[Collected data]
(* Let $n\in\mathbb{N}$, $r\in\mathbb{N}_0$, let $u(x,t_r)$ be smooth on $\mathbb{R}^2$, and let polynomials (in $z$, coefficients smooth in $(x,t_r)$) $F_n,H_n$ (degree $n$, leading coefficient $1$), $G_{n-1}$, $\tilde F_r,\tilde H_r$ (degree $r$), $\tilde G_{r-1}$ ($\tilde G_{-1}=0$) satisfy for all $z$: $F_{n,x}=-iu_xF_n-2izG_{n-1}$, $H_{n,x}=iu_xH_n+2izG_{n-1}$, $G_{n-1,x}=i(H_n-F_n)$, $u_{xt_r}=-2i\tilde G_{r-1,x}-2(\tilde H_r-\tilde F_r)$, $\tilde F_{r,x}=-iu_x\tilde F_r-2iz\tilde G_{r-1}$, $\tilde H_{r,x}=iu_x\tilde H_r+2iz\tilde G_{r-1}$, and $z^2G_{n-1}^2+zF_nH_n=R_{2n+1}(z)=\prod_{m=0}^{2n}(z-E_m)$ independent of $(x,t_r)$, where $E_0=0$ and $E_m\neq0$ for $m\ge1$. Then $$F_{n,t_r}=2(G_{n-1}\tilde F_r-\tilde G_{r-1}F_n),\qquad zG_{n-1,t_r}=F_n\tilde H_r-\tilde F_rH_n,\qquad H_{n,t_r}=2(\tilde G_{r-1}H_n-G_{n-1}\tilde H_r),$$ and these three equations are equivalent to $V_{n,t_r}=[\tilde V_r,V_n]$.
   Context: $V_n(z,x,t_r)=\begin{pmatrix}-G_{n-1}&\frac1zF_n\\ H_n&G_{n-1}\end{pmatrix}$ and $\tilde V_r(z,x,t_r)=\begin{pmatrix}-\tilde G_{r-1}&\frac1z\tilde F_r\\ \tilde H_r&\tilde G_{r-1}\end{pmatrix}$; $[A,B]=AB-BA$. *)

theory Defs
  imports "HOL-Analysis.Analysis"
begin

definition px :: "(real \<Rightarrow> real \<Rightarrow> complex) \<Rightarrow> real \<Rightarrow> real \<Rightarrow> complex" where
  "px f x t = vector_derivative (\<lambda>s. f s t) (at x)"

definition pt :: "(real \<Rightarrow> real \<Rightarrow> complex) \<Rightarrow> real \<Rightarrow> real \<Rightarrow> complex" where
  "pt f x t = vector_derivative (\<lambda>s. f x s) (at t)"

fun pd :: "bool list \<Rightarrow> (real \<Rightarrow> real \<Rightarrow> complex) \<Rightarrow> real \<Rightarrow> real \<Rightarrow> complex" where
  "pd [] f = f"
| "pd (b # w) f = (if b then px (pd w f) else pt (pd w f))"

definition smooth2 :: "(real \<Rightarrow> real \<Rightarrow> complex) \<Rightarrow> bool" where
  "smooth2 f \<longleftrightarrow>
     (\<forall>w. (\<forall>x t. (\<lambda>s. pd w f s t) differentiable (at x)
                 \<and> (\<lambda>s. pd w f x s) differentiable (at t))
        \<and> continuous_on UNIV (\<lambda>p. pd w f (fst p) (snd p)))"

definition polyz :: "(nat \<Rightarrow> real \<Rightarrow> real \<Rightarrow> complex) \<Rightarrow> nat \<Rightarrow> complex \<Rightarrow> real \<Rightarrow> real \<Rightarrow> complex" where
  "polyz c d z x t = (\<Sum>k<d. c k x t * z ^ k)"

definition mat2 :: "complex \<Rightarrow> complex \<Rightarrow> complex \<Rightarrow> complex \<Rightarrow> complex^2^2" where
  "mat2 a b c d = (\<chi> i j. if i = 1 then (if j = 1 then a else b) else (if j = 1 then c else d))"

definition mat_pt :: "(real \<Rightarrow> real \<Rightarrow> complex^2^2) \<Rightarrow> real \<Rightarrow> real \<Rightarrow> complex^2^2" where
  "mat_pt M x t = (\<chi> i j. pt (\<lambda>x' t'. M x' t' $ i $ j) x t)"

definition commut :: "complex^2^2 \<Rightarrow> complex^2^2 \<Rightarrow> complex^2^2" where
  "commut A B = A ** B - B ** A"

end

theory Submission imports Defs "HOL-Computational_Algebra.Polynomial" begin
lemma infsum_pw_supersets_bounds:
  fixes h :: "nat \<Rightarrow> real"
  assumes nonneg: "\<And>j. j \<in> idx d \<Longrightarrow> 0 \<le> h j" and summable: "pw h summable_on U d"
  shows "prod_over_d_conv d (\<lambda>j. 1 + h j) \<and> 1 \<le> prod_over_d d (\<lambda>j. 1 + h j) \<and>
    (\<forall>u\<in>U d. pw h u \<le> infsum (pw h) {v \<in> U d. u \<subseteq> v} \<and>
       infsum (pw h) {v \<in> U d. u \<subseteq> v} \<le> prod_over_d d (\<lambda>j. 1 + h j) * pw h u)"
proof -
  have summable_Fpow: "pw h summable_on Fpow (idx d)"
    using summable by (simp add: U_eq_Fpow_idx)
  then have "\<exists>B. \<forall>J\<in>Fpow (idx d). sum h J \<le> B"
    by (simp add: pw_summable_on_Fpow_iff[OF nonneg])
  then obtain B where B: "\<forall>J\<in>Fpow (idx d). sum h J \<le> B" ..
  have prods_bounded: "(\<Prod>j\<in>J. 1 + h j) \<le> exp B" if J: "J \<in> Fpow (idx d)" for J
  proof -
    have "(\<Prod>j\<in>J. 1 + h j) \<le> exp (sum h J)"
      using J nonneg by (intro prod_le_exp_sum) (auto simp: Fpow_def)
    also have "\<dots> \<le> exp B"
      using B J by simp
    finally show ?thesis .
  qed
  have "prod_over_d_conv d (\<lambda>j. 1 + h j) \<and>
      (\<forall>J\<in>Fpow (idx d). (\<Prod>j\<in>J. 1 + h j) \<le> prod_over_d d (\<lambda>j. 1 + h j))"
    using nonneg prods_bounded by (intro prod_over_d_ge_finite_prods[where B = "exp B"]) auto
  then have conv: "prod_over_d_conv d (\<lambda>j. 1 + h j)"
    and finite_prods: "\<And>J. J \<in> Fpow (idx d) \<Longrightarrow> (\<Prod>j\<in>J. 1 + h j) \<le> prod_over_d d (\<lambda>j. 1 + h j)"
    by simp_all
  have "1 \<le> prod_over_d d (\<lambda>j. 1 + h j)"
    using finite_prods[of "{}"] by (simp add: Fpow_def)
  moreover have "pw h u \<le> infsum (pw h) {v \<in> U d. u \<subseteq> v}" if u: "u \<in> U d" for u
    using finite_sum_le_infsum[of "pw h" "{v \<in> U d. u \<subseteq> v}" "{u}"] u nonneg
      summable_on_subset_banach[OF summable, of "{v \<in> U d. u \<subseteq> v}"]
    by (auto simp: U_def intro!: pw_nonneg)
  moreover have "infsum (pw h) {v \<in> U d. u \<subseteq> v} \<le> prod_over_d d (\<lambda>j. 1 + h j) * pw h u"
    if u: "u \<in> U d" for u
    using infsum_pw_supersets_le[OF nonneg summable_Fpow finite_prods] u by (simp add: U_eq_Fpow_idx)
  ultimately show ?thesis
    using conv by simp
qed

WHAT YOU ARE ASKED TO DO: Return the records given above in their entirety, word for word.

ANSWER:
(* Let $n\in\mathbb{N}$, $r\in\mathbb{N}_0$, let $u(x,t_r)$ be smooth on $\mathbb{R}^2$, and let polynomials (in $z$, coefficients smooth in $(x,t_r)$) $F_n,H_n$ (degree $n$, leading coefficient $1$), $G_{n-1}$, $\tilde F_r,\tilde H_r$ (degree $r$), $\tilde G_{r-1}$ ($\tilde G_{-1}=0$) satisfy for all $z$: $F_{n,x}=-iu_xF_n-2izG_{n-1}$, $H_{n,x}=iu_xH_n+2izG_{n-1}$, $G_{n-1,x}=i(H_n-F_n)$, $u_{xt_r}=-2i\tilde G_{r-1,x}-2(\tilde H_r-\tilde F_r)$, $\tilde F_{r,x}=-iu_x\tilde F_r-2iz\tilde G_{r-1}$, $\tilde H_{r,x}=iu_x\tilde H_r+2iz\tilde G_{r-1}$, and $z^2G_{n-1}^2+zF_nH_n=R_{2n+1}(z)=\prod_{m=0}^{2n}(z-E_m)$ independent of $(x,t_r)$, where $E_0=0$ and $E_m\neq0$ for $m\ge1$. Then $$F_{n,t_r}=2(G_{n-1}\tilde F_r-\tilde G_{r-1}F_n),\qquad zG_{n-1,t_r}=F_n\tilde H_r-\tilde F_rH_n,\qquad H_{n,t_r}=2(\tilde G_{r-1}H_n-G_{n-1}\tilde H_r),$$ and these three equations are equivalent to $V_{n,t_r}=[\tilde V_r,V_n]$.
   Context: $V_n(z,x,t_r)=\begin{pmatrix}-G_{n-1}&\frac1zF_n\\ H_n&G_{n-1}\end{pmatrix}$ and $\tilde V_r(z,x,t_r)=\begin{pmatrix}-\tilde G_{r-1}&\frac1z\tilde F_r\\ \tilde H_r&\tilde G_{r-1}\end{pmatrix}$; $[A,B]=AB-BA$. *)

theory Defs
  imports "HOL-Analysis.Analysis"
begin

definition px :: "(real \<Rightarrow> real \<Rightarrow> complex) \<Rightarrow> real \<Rightarrow> real \<Rightarrow> complex" where
  "px f x t = vector_derivative (\<lambda>s. f s t) (at x)"

definition pt :: "(real \<Rightarrow> real \<Rightarrow> complex) \<Rightarrow> real \<Rightarrow> real \<Rightarrow> complex" where
  "pt f x t = vector_derivative (\<lambda>s. f x s) (at t)"

fun pd :: "bool list \<Rightarrow> (real \<Rightarrow> real \<Rightarrow> complex) \<Rightarrow> real \<Rightarrow> real \<Rightarrow> complex" where
  "pd [] f = f"
| "pd (b # w) f = (if b then px (pd w f) else pt (pd w f))"

definition smooth2 :: "(real \<Rightarrow> real \<Rightarrow> complex) \<Rightarrow> bool" where
  "smooth2 f \<longleftrightarrow>
     (\<forall>w. (\<forall>x t. (\<lambda>s. pd w f s t) differentiable (at x)
                 \<and> (\<lambda>s. pd w f x s) differentiable (at t))
        \<and> continuous_on UNIV (\<lambda>p. pd w f (fst p) (snd p)))"

definition polyz :: "(nat \<Rightarrow> real \<Rightarrow> real \<Rightarrow> complex) \<Rightarrow> nat \<Rightarrow> complex \<Rightarrow> real \<Rightarrow> real \<Rightarrow> complex" where
  "polyz c d z x t = (\<Sum>k<d. c k x t * z ^ k)"

definition mat2 :: "complex \<Rightarrow> complex \<Rightarrow> complex \<Rightarrow> complex \<Rightarrow> complex^2^2" where
  "mat2 a b c d = (\<chi> i j. if i = 1 then (if j = 1 then a else b) else (if j = 1 then c else d))"

definition mat_pt :: "(real \<Rightarrow> real \<Rightarrow> complex^2^2) \<Rightarrow> real \<Rightarrow> real \<Rightarrow> complex^2^2" where
  "mat_pt M x t = (\<chi> i j. pt (\<lambda>x' t'. M x' t' $ i $ j) x t)"

definition commut :: "complex^2^2 \<Rightarrow> complex^2^2 \<Rightarrow> complex^2^2" where
  "commut A B = A ** B - B ** A"

end

theory Submission imports Defs "HOL-Computational_Algebra.Polynomial" begin
lemma infsum_pw_supersets_bounds:
  fixes h :: "nat \<Rightarrow> real"
  assumes nonneg: "\<And>j. j \<in> idx d \<Longrightarrow> 0 \<le> h j" and summable: "pw h summable_on U d"
  shows "prod_over_d_conv d (\<lambda>j. 1 + h j) \<and> 1 \<le> prod_over_d d (\<lambda>j. 1 + h j) \<and>
    (\<forall>u\<in>U d. pw h u \<le> infsum (pw h) {v \<in> U d. u \<subseteq> v} \<and>
       infsum (pw h) {v \<in> U d. u \<subseteq> v} \<le> prod_over_d d (\<lambda>j. 1 + h j) * pw h u)"
proof -
  have summable_Fpow: "pw h summable_on Fpow (idx d)"
    using summable by (simp add: U_eq_Fpow_idx)
  then have "\<exists>B. \<forall>J\<in>Fpow (idx d). sum h J \<le> B"
    by (simp add: pw_summable_on_Fpow_iff[OF nonneg])
  then obtain B where B: "\<forall>J\<in>Fpow (idx d). sum h J \<le> B" ..
  have prods_bounded: "(\<Prod>j\<in>J. 1 + h j) \<le> exp B" if J: "J \<in> Fpow (idx d)" for J
  proof -
    have "(\<Prod>j\<in>J. 1 + h j) \<le> exp (sum h J)"
      using J nonneg by (intro prod_le_exp_sum) (auto simp: Fpow_def)
    also have "\<dots> \<le> exp B"
      using B J by simp
    finally show ?thesis .
  qed
  have "prod_over_d_conv d (\<lambda>j. 1 + h j) \<and>
      (\<forall>J\<in>Fpow (idx d). (\<Prod>j\<in>J. 1 + h j) \<le> prod_over_d d (\<lambda>j. 1 + h j))"
    using nonneg prods_bounded by (intro prod_over_d_ge_finite_prods[where B = "exp B"]) auto
  then have conv: "prod_over_d_conv d (\<lambda>j. 1 + h j)"
    and finite_prods: "\<And>J. J \<in> Fpow (idx d) \<Longrightarrow> (\<Prod>j\<in>J. 1 + h j) \<le> prod_over_d d (\<lambda>j. 1 + h j)"
    by simp_all
  have "1 \<le> prod_over_d d (\<lambda>j. 1 + h j)"
    using finite_prods[of "{}"] by (simp add: Fpow_def)
  moreover have "pw h u \<le> infsum (pw h) {v \<in> U d. u \<subseteq> v}" if u: "u \<in> U d" for u
    using finite_sum_le_infsum[of "pw h" "{v \<in> U d. u \<subseteq> v}" "{u}"] u nonneg
      summable_on_subset_banach[OF summable, of "{v \<in> U d. u \<subseteq> v}"]
    by (auto simp: U_def intro!: pw_nonneg)
  moreover have "infsum (pw h) {v \<in> U d. u \<subseteq> v} \<le> prod_over_d d (\<lambda>j. 1 + h j) * pw h u"
    if u: "u \<in> U d" for u
    using infsum_pw_supersets_le[OF nonneg summable_Fpow finite_prods] u by (simp add: U_eq_Fpow_idx)
  ultimately show ?thesis
    using conv by simp
qed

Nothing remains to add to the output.